(* Let $N$ be a positive integer, $h:=1/N$, $t_j:=jh$, and $e_n(t):=\exp(2\pi i n t)$. Then for every integer $n$ with $|n|\le N-1$ and every $t\in\mathbb R$ with $t/h\notin\mathbb Z$, \[ h\sum_{j=1}^{N}\cot(\pi(t-t_j))\,e_n(t_j)=\mathrm{p.v.}\int_0^1\cot(\pi(t-\tau))\,e_n(\tau)\,\mathrm d\tau+\cot(\pi t/h)\,e_n(t). \]
   Context: p.v. denotes the Cauchy principal value integral. *)

theory Defs
  imports "HOL-Analysis.Analysis"
begin

definition en :: "int \<Rightarrow> real \<Rightarrow> complex" where
  "en n t = exp (2 * of_real pi * \<i> * of_int n * of_real t)"

text \<open>Truncated integral for the Cauchy principal value of
  int_0^1 cot(pi(t - tau)) f(tau) dtau: the eps-neighbourhoods of all
  singular points tau (those with t - tau an integer) are removed from [0,1].\<close>
definition pv_cot_trunc :: "real \<Rightarrow> (real \<Rightarrow> complex) \<Rightarrow> real \<Rightarrow> complex" where
  "pv_cot_trunc t f \<epsilon> =
     integral {\<tau> \<in> {0..1}. \<forall>k::int. \<epsilon> \<le> \<bar>t - \<tau> - of_int k\<bar>}
       (\<lambda>\<tau>. of_real (cot (pi * (t - \<tau>))) * f \<tau>)"

definition has_pv_cot_integral :: "real \<Rightarrow> (real \<Rightarrow> complex) \<Rightarrow> complex \<Rightarrow> bool" where
  "has_pv_cot_integral t f I \<longleftrightarrow> (pv_cot_trunc t f \<longlongrightarrow> I) (at_right 0)"

end

theory Submission
  imports Defs
begin

text \<open>With \<open>z = e\<^sub>1(x)\<close> and \<open>w = e\<^sub>1(t)\<close>, the product
  \<open>cot (\<pi>(t - x)) (e\<^sub>n(x) - e\<^sub>n(t)) = -\<i> (w + z) (z\<^sup>n - w\<^sup>n) / (z - w)\<close> is a
  trigonometric polynomial \<open>T\<close> with frequencies in \<open>(-N, N)\<close>, so the \<open>N\<close>-point rectangle
  rule integrates it exactly. The principal value is therefore \<open>\<integral>T + e\<^sub>n(t) p.v.\<integral>cot (\<pi>(t - \<tau>)) d\<tau>\<close>,
  and the last principal value vanishes because the primitive \<open>-ln (sin\<^sup>2 (\<pi>(t - \<tau>))) / (2\<pi>)\<close>
  is 1-periodic and symmetric about the singularity. On the discrete side the same decomposition,
  together with \<open>\<Sum>\<^sub>j cot (\<pi>(t - j/N)) = N cot (\<pi>N t)\<close>, produces the correction term.\<close>

lemma en_add: "en (k + l) x = en k x * en l x"
  unfolding en_def by (simp add: exp_add[symmetric] algebra_simps)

__Your task__
Take the first line of the material above as the start and the line that contains "complex) \<Rightarrow> complex" as the end. Output only that span, every line exactly as it stands.

__Answer box__
(* Let $N$ be a positive integer, $h:=1/N$, $t_j:=jh$, and $e_n(t):=\exp(2\pi i n t)$. Then for every integer $n$ with $|n|\le N-1$ and every $t\in\mathbb R$ with $t/h\notin\mathbb Z$, \[ h\sum_{j=1}^{N}\cot(\pi(t-t_j))\,e_n(t_j)=\mathrm{p.v.}\int_0^1\cot(\pi(t-\tau))\,e_n(\tau)\,\mathrm d\tau+\cot(\pi t/h)\,e_n(t). \]
   Context: p.v. denotes the Cauchy principal value integral. *)

theory Defs
  imports "HOL-Analysis.Analysis"
begin

definition en :: "int \<Rightarrow> real \<Rightarrow> complex" where
  "en n t = exp (2 * of_real pi * \<i> * of_int n * of_real t)"

text \<open>Truncated integral for the Cauchy principal value of
  int_0^1 cot(pi(t - tau)) f(tau) dtau: the eps-neighbourhoods of all
  singular points tau (those with t - tau an integer) are removed from [0,1].\<close>
definition pv_cot_trunc :: "real \<Rightarrow> (real \<Rightarrow> complex) \<Rightarrow> real \<Rightarrow> complex" where
  "pv_cot_trunc t f \<epsilon> =
     integral {\<tau> \<in> {0..1}. \<forall>k::int. \<epsilon> \<le> \<bar>t - \<tau> - of_int k\<bar>}
       (\<lambda>\<tau>. of_real (cot (pi * (t - \<tau>))) * f \<tau>)"

definition has_pv_cot_integral :: "real \<Rightarrow> (real \<Rightarrow> complex) \<Rightarrow> complex \<Rightarrow> bool" where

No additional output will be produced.